(* Let $\mathrm{Q}(E)\subset\mathrm{QPH}_0(E)$ be the locus where $\Phi=0$, let $\mathrm{R}(E)$ be the locus where $\Phi\ne 0$ and $L(\Phi)=E_1$ (defined when $m_1>m_2$), and for an integer $j$ let $\mathrm{S}_j(E)$ be the locus where $\Phi\neq0$, $\det\Phi=0$ and $L(\Phi)\ne E_1$ has degree $j$. Then, for every integer $m$, $$\mathrm{QPH}_0(E)=\begin{cases}\mathrm{Q}(E)\sqcup\mathrm{S}_m(E)\sqcup\mathrm{S}_{m-1}(E) & E\cong\mathcal O(m)\oplus\mathcal O(m),\\ \mathrm{Q}(E)\sqcup\mathrm{R}(E)\sqcup\mathrm{S}_m(E) & E\cong\mathcal O(m+1)\oplus\mathcal O(m),\\ \mathrm{Q}(E)\sqcup\mathrm{R}(E)\sqcup\mathrm{S}_{m-1}(E) & E\cong\mathcal O(m+1)\oplus\mathcal O(m-1),\end{cases}$$ and $\mathrm{QPH}_0(E)=\mathrm{Q}(E)\sqcup\mathrm{R}(E)$ if $m_1-m_2\ge 3$.
   Context: Fix $z_1\in\mathbb{CP}^1\setminus\{0,1,\infty\}$, set $z_2=0$, $z_3=1$, $z_4=\infty$ and $D=z_1+z_2+z_3+z_4$. Let $E\to\mathbb{CP}^1$ be a holomorphic vector bundle of rank 2, $E\cong\mathcal O(m_1)\oplus\mathcal O(m_2)$, $m_1\ge m_2$; when $m_1>m_2$, $E_1\subset E$ is the unique subbundle isomorphic to $\mathcal O(m_1)$. A quasi-parabolic structure on $E$ is a tuple $(F_1,\dots,F_4)$ of lines $F_i\subset E|_{z_i}$. A (strongly) parabolic Higgs field compatible with it is $\Phi\in H^0(\mathbb{CP}^1,\mathrm{End}(E)\otimes K_{\mathbb{CP}^1}(D))$ such that each residue $\mathrm{Res}_{z_i}\Phi$ is nilpotent with $F_i\subset\ker\mathrm{Res}_{z_i}\Phi$. $\mathrm{QPH}(E)$ is the space of all such tuples, and $\mathrm{QPH}_0(E)$ is the subset where $\det\Phi=0$ in $H^0(\mathbb{CP}^1,K^2_{\mathbb{CP}^1}(D))$. A nonzero nilpotent $\Phi$ preserves a unique line subbundle $L(\Phi)\subset E$ (the saturation of $\ker\Phi$). *)

theory Defs
  imports "HOL-Analysis.Analysis" "HOL-Computational_Algebra.Polynomial"
begin

(* P^1 = C \<union> {\<infinity>}, affine coordinate z on U0 = C, w = 1/z on U\<infinity>.
   E = O(m1) \<oplus> O(m2); a section of O(k) is a polynomial f(z) of degree \<le> k,
   with f\<^sub>\<infinity>(w) = w^k f(1/w).  Fibres of E are identified with C^2 via the
   standard frame on U0 (at z1, 0, 1) and via the frame on U\<infinity> (at \<infinity>).
   A section \<Phi> of End(E) \<otimes> K(D) is written uniquely as
       \<Phi> = A(z) dz / (z (z-1) (z-z1)),
   where A is a 2x2 matrix of polynomials with  deg A_ij \<le> m_i - m_j + 2
   (A_ij = 0 if m_i - m_j + 2 < 0).  We represent \<Phi> by A. *)

type_synonym cvec = "complex^2"
type_synonym cmat = "complex^2^2"
type_synonym higgs = "complex poly^2^2"
type_synonym qpstruct = "cvec set \<times> cvec set \<times> cvec set \<times> cvec set"

definition wt :: "int \<Rightarrow> int \<Rightarrow> 2 \<Rightarrow> int" where
  "wt m1 m2 i = (if i = 1 then m1 else m2)"

definition is_line :: "cvec set \<Rightarrow> bool" where
  "is_line S \<longleftrightarrow> (\<exists>v. v \<noteq> 0 \<and> S = {c *s v | c. True})"

definition nilpotent_mat :: "cmat \<Rightarrow> bool" where
  "nilpotent_mat M \<longleftrightarrow> (\<exists>k. ((\<lambda>N. M ** N) ^^ k) (mat 1) = 0)"

definition is_higgs_section :: "int \<Rightarrow> int \<Rightarrow> higgs \<Rightarrow> bool" where
  "is_higgs_section m1 m2 A \<longleftrightarrow>
     (\<forall>i j. A$i$j = 0 \<or> int (degree (A$i$j)) \<le> wt m1 m2 i - wt m1 m2 j + 2)"

definition qD :: "complex \<Rightarrow> complex poly" where
  "qD z1 = [:0, 1:] * [:-1, 1:] * [:-z1, 1:]"

definition res_fin :: "complex \<Rightarrow> higgs \<Rightarrow> complex \<Rightarrow> cmat" where
  "res_fin z1 A p = (\<chi> i j. poly (A$i$j) p / poly (pderiv (qD z1)) p)"

(* residue of \<Phi> at \<infinity> (frame at infinity, coordinate w = 1/z) *)
definition res_inf :: "int \<Rightarrow> int \<Rightarrow> higgs \<Rightarrow> cmat" where
  "res_inf m1 m2 A = (\<chi> i j. - coeff (A$i$j) (nat (wt m1 m2 i - wt m1 m2 j + 2)))"

definition compat :: "cvec set \<Rightarrow> cmat \<Rightarrow> bool" where
  "compat F R \<longleftrightarrow> nilpotent_mat R \<and> F \<subseteq> {v. R *v v = 0}"

(* z_1 = z1, z_2 = 0, z_3 = 1, z_4 = \<infinity> *)
definition QPH :: "int \<Rightarrow> int \<Rightarrow> complex \<Rightarrow> (qpstruct \<times> higgs) set" where
  "QPH m1 m2 z1 = {((F1, F2, F3, F4), A).
      is_line F1 \<and> is_line F2 \<and> is_line F3 \<and> is_line F4 \<and>
      is_higgs_section m1 m2 A \<and>
      compat F1 (res_fin z1 A z1) \<and> compat F2 (res_fin z1 A 0) \<and>
      compat F3 (res_fin z1 A 1) \<and> compat F4 (res_inf m1 m2 A)}"

(* det \<Phi> = det A \<cdot> dz^2 / q^2, so det \<Phi> = 0 iff det A = 0 *)
definition hdet :: "higgs \<Rightarrow> complex poly" where
  "hdet A = A$1$1 * A$2$2 - A$1$2 * A$2$1"

definition QPH0 :: "int \<Rightarrow> int \<Rightarrow> complex \<Rightarrow> (qpstruct \<times> higgs) set" where
  "QPH0 m1 m2 z1 = {x \<in> QPH m1 m2 z1. hdet (snd x) = 0}"

(* p gives a (saturated) line subbundle O(j) \<subseteq> E: a nowhere vanishing section
   (including at \<infinity>) of E(-j) = O(m1-j) \<oplus> O(m2-j) *)
definition line_subbundle :: "int \<Rightarrow> int \<Rightarrow> int \<Rightarrow> complex poly^2 \<Rightarrow> bool" where
  "line_subbundle m1 m2 j p \<longleftrightarrow>
     (\<forall>i. p$i = 0 \<or> int (degree (p$i)) \<le> wt m1 m2 i - j) \<and>
     (\<forall>z. \<exists>i. poly (p$i) z \<noteq> 0) \<and>
     (\<exists>i. wt m1 m2 i - j \<ge> 0 \<and> coeff (p$i) (nat (wt m1 m2 i - j)) \<noteq> 0)"

(* L(\<Phi>) is the line subbundle O(j) given by p: p spans the saturation of ker \<Phi> *)
definition kernel_line :: "int \<Rightarrow> int \<Rightarrow> higgs \<Rightarrow> int \<Rightarrow> complex poly^2 \<Rightarrow> bool" where
  "kernel_line m1 m2 A j p \<longleftrightarrow> line_subbundle m1 m2 j p \<and> A *v p = 0"

definition Qloc :: "int \<Rightarrow> int \<Rightarrow> complex \<Rightarrow> (qpstruct \<times> higgs) set" where
  "Qloc m1 m2 z1 = {x \<in> QPH0 m1 m2 z1. snd x = 0}"

(* L(\<Phi>) = E_1 = O(m1) \<oplus> 0 *)
definition Rloc :: "int \<Rightarrow> int \<Rightarrow> complex \<Rightarrow> (qpstruct \<times> higgs) set" where
  "Rloc m1 m2 z1 = {x \<in> QPH0 m1 m2 z1. snd x \<noteq> 0 \<and>
      (\<exists>j p. kernel_line m1 m2 (snd x) j p \<and> p$2 = 0)}"

(* deg L(\<Phi>) = j and L(\<Phi>) \<noteq> E_1 (the latter only meaningful when m1 > m2) *)
definition Sloc :: "int \<Rightarrow> int \<Rightarrow> complex \<Rightarrow> int \<Rightarrow> (qpstruct \<times> higgs) set" where
  "Sloc m1 m2 z1 j = {x \<in> QPH0 m1 m2 z1. snd x \<noteq> 0 \<and>
      (\<exists>p. kernel_line m1 m2 (snd x) j p \<and> (m1 > m2 \<longrightarrow> p$2 \<noteq> 0))}"

definition disj_union2 :: "'a set \<Rightarrow> 'a set \<Rightarrow> 'a set \<Rightarrow> bool" where
  "disj_union2 X A B \<longleftrightarrow> X = A \<union> B \<and> A \<inter> B = {}"

definition disj_union3 :: "'a set \<Rightarrow> 'a set \<Rightarrow> 'a set \<Rightarrow> 'a set \<Rightarrow> bool" where
  "disj_union3 X A B C \<longleftrightarrow> X = A \<union> B \<union> C \<and> A \<inter> B = {} \<and> A \<inter> C = {} \<and> B \<inter> C = {}"

end

theory Submission
  imports Defs "HOL-Computational_Algebra.Polynomial_Factorial"
    "HOL-Computational_Algebra.Field_as_Ring" "HOL-Computational_Algebra.Fundamental_Theorem_Algebra"
begin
┄┄┄┄┄┄┄┄┄┄
> [YOUR OBJECTIVE]: Select, from the listing, all lines that include the word "Defs".

> [RESULT]:
theory Defs
  imports Defs "HOL-Computational_Algebra.Polynomial_Factorial"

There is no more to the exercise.